Diesel or petrol: which is cheaper in 2026?
Per litre, diesel now costs more than petrol, but it consumes less: per kilometre it stays slightly cheaper — and it only truly pays off if you cover a lot of km a year.
Today’s self-service prices: petrol €1,953/L · diesel €2,029/L · LPG €0,799/L (Osservaprezzi Carburanti — MIMIT, 2026-05-29).
What 100 km cost, today
| Fuel | Price €/L | Ref. cons. | Cost / 100 km |
|---|---|---|---|
| Petrol | €1,953 | 6,5 L | €12,69 |
| Diesel | €2,029 | 5,5 L | €11,16 |
| LPG | €0,799 | 8,5 L | €6,79 |
Cost computed on today’s real prices and a reference consumption (petrol 6.5 · diesel 5.5 · LPG 8.5 L/100km). Your real consumption shifts the result.
How to choose today
For years diesel had two advantages: cheaper per litre and lower consumption. Today the first is gone — diesel at the pump costs more than petrol, partly due to higher excise duties. The second remains: a diesel engine covers more km on the same litre, so per kilometre it can still cost a little less. But the margin has narrowed.

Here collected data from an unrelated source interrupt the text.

(* Let $B$ be a connected board (a region) and $S$ a set of sinks of $B$. Then the large tilt graph $G_L(B,S)$ is weakly connected.
   Context: Pixels are unit squares indexed by $\mathbb{Z}^2$. A board $B=(V,E)$ is a finite subgraph of the square grid graph on $\mathbb{Z}^2$; its boundary consists of all pixel sides not shared with a neighbouring pixel joined by an edge of $E$. A set $S\subseteq V$ of pixels are sinks. For a pixel $p$, its row (column) segment is the maximal set of pixels reachable from $p$ using only horizontal (vertical) edges of $E$; $p^\ell,p^r$ are the leftmost/rightmost pixels of its row segment and $p^u,p^d$ the topmost/bottommost pixels of its column segment. The full tilt graph $G_F(B)$ is the directed graph on $V$ with edges $(p,p^x)$ for $x\in\{\ell,r,u,d\}$ with $p^x\neq p$. A corner pixel is a pixel $p$ with $p=p^x=p^y$ for some $x\in\{\ell,r\}$, $y\in\{u,d\}$. The large tilt graph $G_L(B,S)$ is the subgraph of $G_F(B)$ induced by the vertex set consisting of (i) all pixels reachable in $G_F(B)$ from corner pixels, (ii) every sink $s$ and $s^\ell,s^r,s^u,s^d$, (iii) for every reflex corner of the boundary, the leftmost and rightmost pixels of the row segments and the topmost and bottommost pixels of the column segments of the pixels incident to that corner, and (iv) all pixels on the intersection of a row segment and a column segment each containing a pixel included in (i)–(iii). Weakly connected means connected when edge directions are ignored. *)

theory Defs
  imports Main
begin

text \<open>Pixels are unit squares indexed by integer pairs (x,y); pixel (x,y) is the
square [x,x+1] x [y,y+1]. "Up" means increasing y, "right" increasing x.\<close>

type_synonym pixel = "int \<times> int"

definition grid_adj :: "pixel \<Rightarrow> pixel \<Rightarrow> bool" where
  "grid_adj p q \<longleftrightarrow> \<bar>fst p - fst q\<bar> + \<bar>snd p - snd q\<bar> = 1"
(* Let $q$ be an odd prime power and $n\ge 1$ an integer, and let $\mu\in\mathbb{F}_{q^2}$ with $\mu^2=-1$. (i) If $q\equiv1\pmod 4$ and $\gcd(n+1,q(q^2-1)/2)=1$, then $C_n(a)$ is LCD for every $a\in\mathbb{F}_q\setminus\{\mu+2,-\mu+2,\mu-2,-\mu-2\}$. (ii) If $q\equiv 3\pmod 4$, $\gcd(n+1,q)=1$, and $\gcd(n+1,(q^4-1)/2)$ divides $(q-1)/2$, then $C_n(a)$ is LCD for every $a\in\mathbb{F}_q$.
   Context: For $a\in\mathbb{F}_q$ and $n \ge 1$, $T_n(a)$ denotes the $n\times n$ symmetric tridiagonal Toeplitz matrix over $\mathbb{F}_q$ with all diagonal entries equal to $a$, all entries on the first super- and sub-diagonals equal to $1$, and all other entries $0$. $C_n(a)$ is the $[2n,n]$ linear code over $\mathbb{F}_q$ with generator matrix $[I_n \mid T_n(a)]$. A linear code $C$ is LCD if $C\cap C^\perp=\{0\}$ (Euclidean dual). *)

theory Defs
  imports "Jordan_Normal_Form.Matrix"
begin

definition tridiag_toeplitz :: "nat \<Rightarrow> 'a::field \<Rightarrow> 'a mat" where
  "tridiag_toeplitz n a = mat n n (\<lambda>(i,j). if i = j then a
      else if i = j + 1 \<or> j = i + 1 then 1 else 0)"

definition gen_matrix :: "nat \<Rightarrow> 'a::field \<Rightarrow> 'a mat" where
  "gen_matrix n a = mat n (2*n) (\<lambda>(i,j). if j < n then (if i = j then 1 else 0)
      else tridiag_toeplitz n a $$ (i, j - n))"

definition code_of :: "'a::field mat \<Rightarrow> 'a vec set" where
  "code_of G = {transpose_mat G *\<^sub>v x | x. x \<in> carrier_vec (dim_row G)}"

definition dual_code :: "nat \<Rightarrow> 'a::field vec set \<Rightarrow> 'a vec set" where
  "dual_code N C = {y \<in> carrier_vec N. \<forall>c\<in>C. scalar_prod c y = 0}"

definition is_LCD :: "nat \<Rightarrow> 'a::field vec set \<Rightarrow> bool" where
  "is_LCD N C \<longleftrightarrow> C \<inter> dual_code N C = {0\<^sub>v N}"

definition C_code :: "nat \<Rightarrow> 'a::field \<Rightarrow> 'a vec set" where
  "C_code n a = code_of (gen_matrix n a)"

end

theory Submission
  imports Defs "HOL-Algebra.Algebraic_Closure_Type" "HOL-Algebra.Sylow" "HOL-Number_Theory.Residues"
begin

(* Since [I | T] [I | T]^T = I + T^2 for T = T_n(a), the code C_n(a) is LCD as soon as -1 is not
   an eigenvalue of T^2, i.e. T has no eigenvalue v with v^2 = -1 over the algebraic closure.
   An eigenvector of T for v satisfies the recurrence of the Lucas sequence
   U_0 = 0, U_1 = 1, U_(k+2) = s U_(k+1) - U_k with s = v - a, padded by zeros at both ends, so
   U_(n+1)(v - a) = 0. Writing v - a = t + 1/t, this means t^(2(n+1)) = 1 and t^2 <> 1.
   Now apply the Frobenius x -> x^q, which fixes a. If q = 1 mod 4 it fixes v, hence t + 1/t,
   so t^(q-1) = 1 or t^(q+1) = 1, and the gcd hypothesis forces t^2 = 1. If q = 3 mod 4 it maps
   v to -v, so t + 1/t is fixed by x -> x^(q^2); then t^(q^4-1) = 1, the gcd hypothesis gives
   t^(q-1) = 1, so v - a and with it v are fixed by the Frobenius, contradicting v^q = -v. *)

section \<open>Finite fields\<close>

lemma nat_pow_ring_of_type_algebra:
  "x [^]\<^bsub>ring_of_type_algebra\<^esub> (n::nat) = (x::'a::ring_1) ^ n"
  by (induction n) (simp_all add: ring_of_type_algebra_def power_commutes)

lemma nat_pow_additive_monoid:
  "x [^]\<^bsub>\<lparr>carrier = H, mult = (+), one = 0\<rparr>\<^esub> (n::nat) = of_nat n * (x::'a::semiring_1)"
  by (induction n) (simp_all add: algebra_simps)

lemma prime_CHAR_finite_field: "normalization_semidom_class.prime CHAR('a::{finite,field})"
  by (simp add: prime_CHAR_semidom finite_imp_CHAR_pos)

lemma power_card_finite_field:
  fixes x :: "'a::{finite,field}"
  shows "x ^ card (UNIV :: 'a set) = x"
proof (cases "x = 0")
  case False
  interpret field "ring_of_type_algebra :: 'a ring" by rule
  have "x ^ (card (UNIV :: 'a set) - 1) = 1"
    using group.pow_order_eq_1[OF field_mult_group, of x] False
    by (simp add: order_mult_of Coset.order_def Multiplicative_Group.nat_pow_mult_of
        nat_pow_ring_of_type_algebra) (simp add: ring_of_type_algebra_def)
  moreover have "x ^ card (UNIV :: 'a set) = x ^ (card (UNIV :: 'a set) - 1) * x"
    using finite_UNIV_card_ge_0[where ?'a='a] by (simp flip: power_Suc2)
  ultimately show ?thesis
    by simp
qed (simp add: finite_UNIV_card_ge_0)

text \<open>By Sylow, a prime factor r of the order of the additive group yields h \<noteq> 0 with r h = 0,
  so CHAR('a) divides r.\<close>

lemma card_finite_field_eq_CHAR_power:
  "\<exists>k. card (UNIV :: 'a::{finite,field} set) = CHAR('a) ^ k"
proof -
  let ?R = "ring_of_type_algebra :: 'a ring"
  interpret field ?R by rule
  have "r = CHAR('a)"
    if r: "normalization_semidom_class.prime r" "r dvd card (UNIV :: 'a set)" for r
  proof -
    obtain m where m: "card (UNIV :: 'a set) = r * m"
      using r by (auto elim: dvdE)
    obtain H where H: "subgroup H (add_monoid ?R)" "card H = r ^ 1"
      using sylow_thm[OF r(1) a_group, of 1 m] by (auto simp: Coset.order_def m ring_of_type_algebra_def)
    have "\<not> H \<subseteq> {0}"
      using H(2) card_mono[of "{0::'a}" H] prime_gt_1_nat[OF r(1)] by auto
    then obtain h where h: "h \<in> H" "h \<noteq> 0"
      by blast
    have "of_nat r * h = 0"
      using group.pow_order_eq_1[OF subgroup.subgroup_is_group[OF H(1) a_group], of h] h H(2)
      by (simp add: Coset.order_def ring_of_type_algebra_def nat_pow_additive_monoid)
    then have "CHAR('a) dvd r"
      using h by (simp add: of_nat_eq_0_iff_char_dvd)
    then show ?thesis
      using r(1) prime_CHAR_finite_field[where 'a='a] by (metis primes_dvd_imp_eq)
  qed
  then have "prime_factors (card (UNIV :: 'a set)) \<subseteq> {CHAR('a)}"
    by auto
  then have "(\<Prod>p\<in>prime_factors (card (UNIV :: 'a set)). p ^ multiplicity p (card (UNIV :: 'a set)))
      = CHAR('a) ^ multiplicity CHAR('a) (card (UNIV :: 'a set))"
    using prime_CHAR_finite_field[where 'a='a] by (auto simp: subset_singleton_iff prime_factors_multiplicity)
  then show ?thesis
    using prod_prime_factors[of "card (UNIV :: 'a set)"] finite_UNIV_card_ge_0[where ?'a='a] by auto
qed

Diesel pays off if you drive a lot: above ~15-20,000 km a year, lower consumption (and the once-lower price) repays the higher purchase price and often higher road tax. Below that, and for mostly urban use, petrol — or a petrol hybrid — is usually the cheaper, less troublesome choice (many cities restrict older diesels).

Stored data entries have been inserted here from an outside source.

lemma suminf_ennreal_commute:
  fixes f :: "nat \<Rightarrow> nat \<Rightarrow> ennreal"
  shows "(\<Sum>i. \<Sum>j. f i j) = (\<Sum>j. \<Sum>i. f i j)"
proof -
  have le: "(\<Sum>i. \<Sum>j. g i j) \<le> (\<Sum>j. \<Sum>i. g i j)" for g :: "nat \<Rightarrow> nat \<Rightarrow> ennreal"
  proof -
    have "(\<Sum>i<n. \<Sum>j. g i j) \<le> (\<Sum>j. \<Sum>i. g i j)" for n
    proof -
      have "(\<Sum>i<n. \<Sum>j. g i j) = (\<Sum>j. \<Sum>i<n. g i j)"
        by (rule suminf_sum[symmetric]) auto
      also have "\<dots> \<le> (\<Sum>j. \<Sum>i. g i j)"
        by (intro suminf_le) (auto intro!: sum_le_suminf)
      finally show ?thesis .
    qed
    then show ?thesis
      by (simp add: suminf_eq_SUP SUP_least)
  qed
  show ?thesis
    using le[of f] le[of "\<lambda>j i. f i j"] by (rule antisym)
qed

lemma suminf_ennreal_triangle:
  fixes h :: "nat \<Rightarrow> nat \<Rightarrow> real"
  assumes "\<And>i j. h i j \<ge> 0"
  shows "(\<Sum>j. ennreal (\<Sum>i<j. h i j)) = (\<Sum>i. \<Sum>j. ennreal (if i < j then h i j else 0))"
proof -
  have "ennreal (\<Sum>i<j. h i j) = (\<Sum>i. ennreal (if i < j then h i j else 0))" for j
    using assms by (subst suminf_finite[of "{..<j}"]) auto
  then show ?thesis
    by (simp add: suminf_ennreal_commute[of "\<lambda>j i. ennreal (if i < j then h i j else 0)"])
qed

lemma suminf_ennreal_telescope_tail:
  fixes w F :: "nat \<Rightarrow> real"
  assumes step: "\<And>j. w (Suc j) = F j - F (Suc j)" and nonneg: "\<And>j. w j \<ge> 0"
    and lim: "F \<longlonglongrightarrow> 0"
  shows "(\<Sum>j. ennreal (if i < j then w j else 0)) = ennreal (F i)"
proof -
  define g where "g j = (if i < j then w j else 0)" for j
  have "(\<lambda>n. F (n + i) - F (Suc n + i)) sums F i"
    using telescope_sums'[OF LIMSEQ_ignore_initial_segment[OF lim, of i]] by simp
  then have "(\<lambda>n. g (n + Suc i)) sums F i"
    by (simp add: g_def step)
  then have "g sums (F i + (\<Sum>j<Suc i. g j))"
    by (rule iffD1[OF sums_iff_shift])
  then have "g sums F i"
    by (simp add: g_def)
  then show ?thesis
    unfolding g_def[symmetric] by (rule suminf_ennreal_eq[rotated]) (simp add: g_def nonneg)
qed
(* Let $\alpha\in(0,1)$ and let $\theta_0=\mathbf 1_{D_0}$ be a rotating patch of the generalized SQG equation rotating around a point $x_0$ (i.e. $D_t=\mathbf R_{x_0,\varphi(t)}D_0$). Then $x_0$ is the center of mass $\frac{1}{|D_0|}\int_{D_0}x\,dx$ of $D_0$.
   Context: Generalized SQG: $\partial_t\theta+u\cdot\nabla\theta=0$, $u=-\nabla^\perp(-\Delta)^{-1+\frac\alpha2}\theta$, $(-\Delta)^{-1+\frac\alpha2}\theta(x)=\frac{C_\alpha}{2\pi}\int_{\mathbb R^2}\frac{\theta(y)}{|x-y|^\alpha}dy$. A rotating patch: $D_0$ bounded simply connected with smooth boundary such that the patch solution with datum $\mathbf 1_{D_0}$ is $\mathbf 1_{D_t}$, $D_t=\mathbf R_{x_0,\varphi(t)}D_0$, $\mathbf R_{x_0,\varphi}$ the planar rotation of center $x_0$ and angle $\varphi$, $t\mapsto\varphi(t)$ smooth and non-constant. *)

theory Defs
  imports "HOL-Analysis.Analysis"
begin

text \<open>The plane R^2 is identified with the complex numbers: (x1,x2) = x1 + i x2.\<close>

definition smooth_fun :: "(real \<Rightarrow> 'a::real_normed_vector) \<Rightarrow> bool" where
  "smooth_fun f \<longleftrightarrow> (\<exists>g. g 0 = f \<and>
      (\<forall>k t. (g k has_vector_derivative g (Suc k) t) (at t)))"

definition smooth_jordan_boundary :: "complex set \<Rightarrow> bool" where
  "smooth_jordan_boundary D \<longleftrightarrow> (\<exists>\<gamma>::real \<Rightarrow> complex.
      smooth_fun \<gamma> \<and> (\<forall>t. \<gamma> (t + 1) = \<gamma> t) \<and>
      (\<forall>t. vector_derivative \<gamma> (at t) \<noteq> 0) \<and>
      inj_on \<gamma> {0..<1} \<and> frontier D = \<gamma> ` {0..1})"

definition rot :: "complex \<Rightarrow> real \<Rightarrow> complex \<Rightarrow> complex" where
  "rot x0 \<phi> z = x0 + cis \<phi> * (z - x0)"

text \<open>Normalisation constant C_alpha of the kernel of (-Delta)^(-1+alpha/2) in R^2.\<close>
definition C_alpha :: "real \<Rightarrow> real" where
  "C_alpha \<alpha> = Gamma (\<alpha> / 2) / (2 powr (1 - \<alpha>) * Gamma (1 - \<alpha> / 2))"

text \<open>Stream function (-Delta)^(-1+alpha/2) 1_D.\<close>
definition stream :: "real \<Rightarrow> complex set \<Rightarrow> complex \<Rightarrow> real" where
  "stream \<alpha> D x = C_alpha \<alpha> / (2 * pi) * (LINT y:D|lborel. norm (x - y) powr (- \<alpha>))"

definition grad :: "(complex \<Rightarrow> real) \<Rightarrow> complex \<Rightarrow> complex" where
  "grad f x = complex_of_real (frechet_derivative f (at x) 1)
              + \<i> * complex_of_real (frechet_derivative f (at x) \<i>)"

text \<open>Velocity u = - grad^perp of the stream function, where v^perp = (-v2, v1) = i v.\<close>
definition velocity :: "real \<Rightarrow> complex set \<Rightarrow> complex \<Rightarrow> complex" where
  "velocity \<alpha> D x = - (\<i> * grad (stream \<alpha> D) x)"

If your car is compatible and you drive a lot, LPG beats both per kilometre, against the conversion cost: see the dedicated calculator. Either way, the price per litre changes constantly: the table above uses today’s official data, but for the exact price near you, check the app.
Frequently asked questions
Is diesel or petrol cheaper in 2026?
At today’s prices (petrol €1,953/L, diesel €2,029/L) diesel costs more per litre. Per km, with a diesel’s lower consumption, it works out slightly cheaper — so diesel mainly pays off above ~15-20,000 km a year.

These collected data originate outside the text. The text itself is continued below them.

(* Fix $\varepsilon>0$ and $R>1$. There is a constant $\lambda_0$ depending only on $\varepsilon$ and $R$, with $\lambda_0=\mathcal{O}(\varepsilon^{-1})$ for fixed $R$, such that for every $\lambda\ge\lambda_0$, every finite nonempty $V\subset\mathbb{R}^d$ and every hierarchy $(\mathcal{T},R)$ on $V$ satisfying the separation property, the initial spanner $\mathcal{S}_0$ (with parameter $\lambda$), viewed as a graph on $V$, is a $(1+\varepsilon)$-spanner of $V$: for all $p,q\in V$ the shortest-path distance in $\mathcal{S}_0$ between $p$ and $q$ is at most $(1+\varepsilon)\lVert pq\rVert$.
   Context: $\lVert xy\rVert$ and $d(x,y)$ denote Euclidean distance. Hierarchy: given $R>1$ and a finite $V\subset\mathbb{R}^d$, a hierarchy $(\mathcal{T},R)$ is a finite rooted tree $\mathcal{T}$ whose nodes, called explicit clusters, are distinct pairs $(p,l)$ with center $p\in V$ and level $l\in\mathbb{Z}$; a cluster $(p,l)$ covers the ball of radius $R^l$ around $p$; every non-root cluster $(p,l)$ has a parent of level $l+1$ whose center $q$ satisfies $d(p,q)\le R^{l+1}$; every point of $V$ is the center of at least one explicit cluster. For every explicit cluster $(p,l)$ and every integer $l'<l$, the pair $(p,l')$ is an implicit cluster; the clusters of the hierarchy are the explicit and implicit ones. Separation property: for any two clusters $(p,l),(q,l)$ of the same level with $p\neq q$, $d(p,q)>R^l$. Initial spanner $\mathcal{S}_0$ with parameter $\lambda>0$: the graph whose vertices are the clusters, with a type I edge between any two clusters $(p,l),(q,l)$ of the same level with $p\ne q$ and $d(p,q)\le\lambda R^l$, and a type II edge between every explicit cluster and each of its children in $\mathcal{T}$. As a graph on $V$, $\mathcal{S}_0$ has an edge $\{p,q\}$ of weight $\lVert pq\rVert$ whenever some edge of $\mathcal{S}_0$ joins a cluster centered at $p$ to a cluster centered at $q\ne p$. *)

theory Defs
  imports "HOL-Analysis.Analysis" "HOL-Library.Landau_Symbols"
begin

text \<open>Points of R^d are represented as functions nat => real vanishing at all
  indices >= d, so that the dimension d can be quantified inside the statement.
  The Euclidean distance in R^d:\<close>

definition in_Rd :: "nat \<Rightarrow> (nat \<Rightarrow> real) \<Rightarrow> bool" where
  "in_Rd d x \<longleftrightarrow> (\<forall>i\<ge>d. x i = 0)"

definition eucl_dist :: "nat \<Rightarrow> (nat \<Rightarrow> real) \<Rightarrow> (nat \<Rightarrow> real) \<Rightarrow> real" where
  "eucl_dist d x y = sqrt (\<Sum>i<d. (x i - y i)^2)"

text \<open>A hierarchy on V with parameter R, given by its set C of explicit clusters
  (pairs (center, level)), its root r, and the parent map par (meaningful on
  C - {r}). Since levels strictly increase along parent links and C is finite,
  this is exactly a finite rooted tree on C.\<close>

definition hierarchy ::
  "('a \<Rightarrow> 'a \<Rightarrow> real) \<Rightarrow> real \<Rightarrow> 'a set \<Rightarrow> ('a \<times> int) set \<Rightarrow> ('a \<times> int)
     \<Rightarrow> (('a \<times> int) \<Rightarrow> ('a \<times> int)) \<Rightarrow> bool" where
  "hierarchy \<delta> R V C r par \<longleftrightarrow>
     finite C \<and> r \<in> C \<and> fst ` C = V \<and>
     (\<forall>c \<in> C - {r}. par c \<in> C \<and> snd (par c) = snd c + 1 \<and>
                     \<delta> (fst c) (fst (par c)) \<le> R powi (snd c + 1))"

definition is_cluster :: "('a \<times> int) set \<Rightarrow> ('a \<times> int) \<Rightarrow> bool" where
  "is_cluster C c \<longleftrightarrow> (\<exists>l'. (fst c, l') \<in> C \<and> snd c \<le> l')"

definition separation ::
  "('a \<Rightarrow> 'a \<Rightarrow> real) \<Rightarrow> real \<Rightarrow> ('a \<times> int) set \<Rightarrow> bool" where
  "separation \<delta> R C \<longleftrightarrow>
     (\<forall>p q l. is_cluster C (p, l) \<and> is_cluster C (q, l) \<and> p \<noteq> q \<longrightarrow> \<delta> p q > R powi l)"

definition S0_edge ::
  "('a \<Rightarrow> 'a \<Rightarrow> real) \<Rightarrow> real \<Rightarrow> real \<Rightarrow> ('a \<times> int) set \<Rightarrow> ('a \<times> int)
     \<Rightarrow> (('a \<times> int) \<Rightarrow> ('a \<times> int)) \<Rightarrow> 'a \<Rightarrow> 'a \<Rightarrow> bool" where
  "S0_edge \<delta> R lam C r par p q \<longleftrightarrow> p \<noteq> q \<and>
     ((\<exists>l. is_cluster C (p, l) \<and> is_cluster C (q, l) \<and> \<delta> p q \<le> lam * R powi l) \<or>
      (\<exists>c \<in> C - {r}. (fst c = p \<and> fst (par c) = q) \<or> (fst c = q \<and> fst (par c) = p)))"

text \<open>Walks and shortest-path distance (infinite if no walk exists).\<close>
definition is_walk :: "('a \<Rightarrow> 'a \<Rightarrow> bool) \<Rightarrow> 'a \<Rightarrow> 'a \<Rightarrow> 'a list \<Rightarrow> bool" where
  "is_walk E p q xs \<longleftrightarrow> xs \<noteq> [] \<and> hd xs = p \<and> last xs = q \<and>
     (\<forall>i. Suc i < length xs \<longrightarrow> E (xs ! i) (xs ! Suc i))"

definition walk_weight :: "('a \<Rightarrow> 'a \<Rightarrow> real) \<Rightarrow> 'a list \<Rightarrow> real" where
  "walk_weight \<delta> xs = (\<Sum>i < length xs - 1. \<delta> (xs ! i) (xs ! Suc i))"

definition sp_dist ::
  "('a \<Rightarrow> 'a \<Rightarrow> real) \<Rightarrow> ('a \<Rightarrow> 'a \<Rightarrow> bool) \<Rightarrow> 'a \<Rightarrow> 'a \<Rightarrow> ereal" where
  "sp_dist \<delta> E p q = Inf {ereal (walk_weight \<delta> xs) | xs. is_walk E p q xs}"

end

theory Submission
  imports Defs
begin

text \<open>Climbing from a point to its ancestor of level l along parent edges costs at most
  R^l + R^(l-1) + ... \<le> \<alpha> R^l with \<alpha> = R/(R-1). Let l be the least level at which the
  ancestors a, b of p and q are close enough for a type I edge, \<delta>(a,b) \<le> \<lambda> R^l. The walk
  p \<rightarrow> a \<rightarrow> b \<rightarrow> q has length at most \<delta>(p,q) + 4\<alpha> R^l by the triangle inequality, while
  the failure at level l - 1 gives \<delta>(p,q) > (\<lambda> - 2\<alpha>) R^(l-1). So the detour is at most
  \<epsilon> \<delta>(p,q) once \<lambda> \<ge> 2\<alpha> + 4\<alpha>R/\<epsilon>. Separation is used only to make \<delta>(p,q) > 0 for
  distinct centers, which is what makes such a least level exist.\<close>

inductive weighted_walk :: "('a \<Rightarrow> 'a \<Rightarrow> bool) \<Rightarrow> ('a \<Rightarrow> 'a \<Rightarrow> real) \<Rightarrow> 'a \<Rightarrow> 'a \<Rightarrow> real \<Rightarrow> bool"
  for E \<delta> where
  weighted_walk_refl: "weighted_walk E \<delta> p p 0"
| weighted_walk_step: "E p q \<Longrightarrow> weighted_walk E \<delta> q s w \<Longrightarrow> weighted_walk E \<delta> p s (\<delta> p q + w)"

lemma weighted_walk_imp_is_walk:
  "weighted_walk E \<delta> p q w \<Longrightarrow> \<exists>xs. is_walk E p q xs \<and> walk_weight \<delta> xs = w"
proof (induction rule: weighted_walk.induct)
  case (weighted_walk_refl p)
  show ?case by (rule exI[of _ "[p]"]) (simp add: is_walk_def walk_weight_def)
next
  case (weighted_walk_step p q s w)
  then obtain xs where xs: "is_walk E q s xs" "walk_weight \<delta> xs = w" by blast
  then obtain m where m: "length xs = Suc m" unfolding is_walk_def by (cases xs) auto
  have hd: "xs ! 0 = q" using xs(1) unfolding is_walk_def by (cases xs) auto
  have "is_walk E p s (p # xs)"
    unfolding is_walk_def
  proof (intro conjI allI impI)
    show "last (p # xs) = s" using xs(1) unfolding is_walk_def by auto
  next
    fix i assume "Suc i < length (p # xs)"
    then show "E ((p # xs) ! i) ((p # xs) ! Suc i)"
      using xs(1) hd weighted_walk_step(1) unfolding is_walk_def by (cases i) auto
  qed auto
  moreover have "walk_weight \<delta> (p # xs) = \<delta> p q + w"
    unfolding walk_weight_def using hd xs(2)
    by (simp only: length_Cons m diff_Suc_1 sum.lessThan_Suc_shift) (simp add: walk_weight_def m)
  ultimately show ?case by blast
qed

lemma sp_dist_le_weighted_walk: "weighted_walk E \<delta> p q w \<Longrightarrow> sp_dist \<delta> E p q \<le> ereal w"
  unfolding sp_dist_def using weighted_walk_imp_is_walk[of E \<delta> p q w]
  by (force intro: Inf_lower)

lemma weighted_walk_edge: "E p q \<Longrightarrow> weighted_walk E \<delta> p q (\<delta> p q)"
  using weighted_walk_step[OF _ weighted_walk_refl] by fastforce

Why does diesel cost more than petrol now?
The historic diesel discount has eroded: excise duties on diesel have risen and demand patterns changed, so at the pump diesel is now typically above petrol — reversing the long-standing gap.
From how many km a year does diesel pay off?
As a rule of thumb, above ~15-20,000 km a year, where the lower consumption offsets the higher purchase price and road tax. Below that, petrol (or a petrol hybrid) is usually the better deal.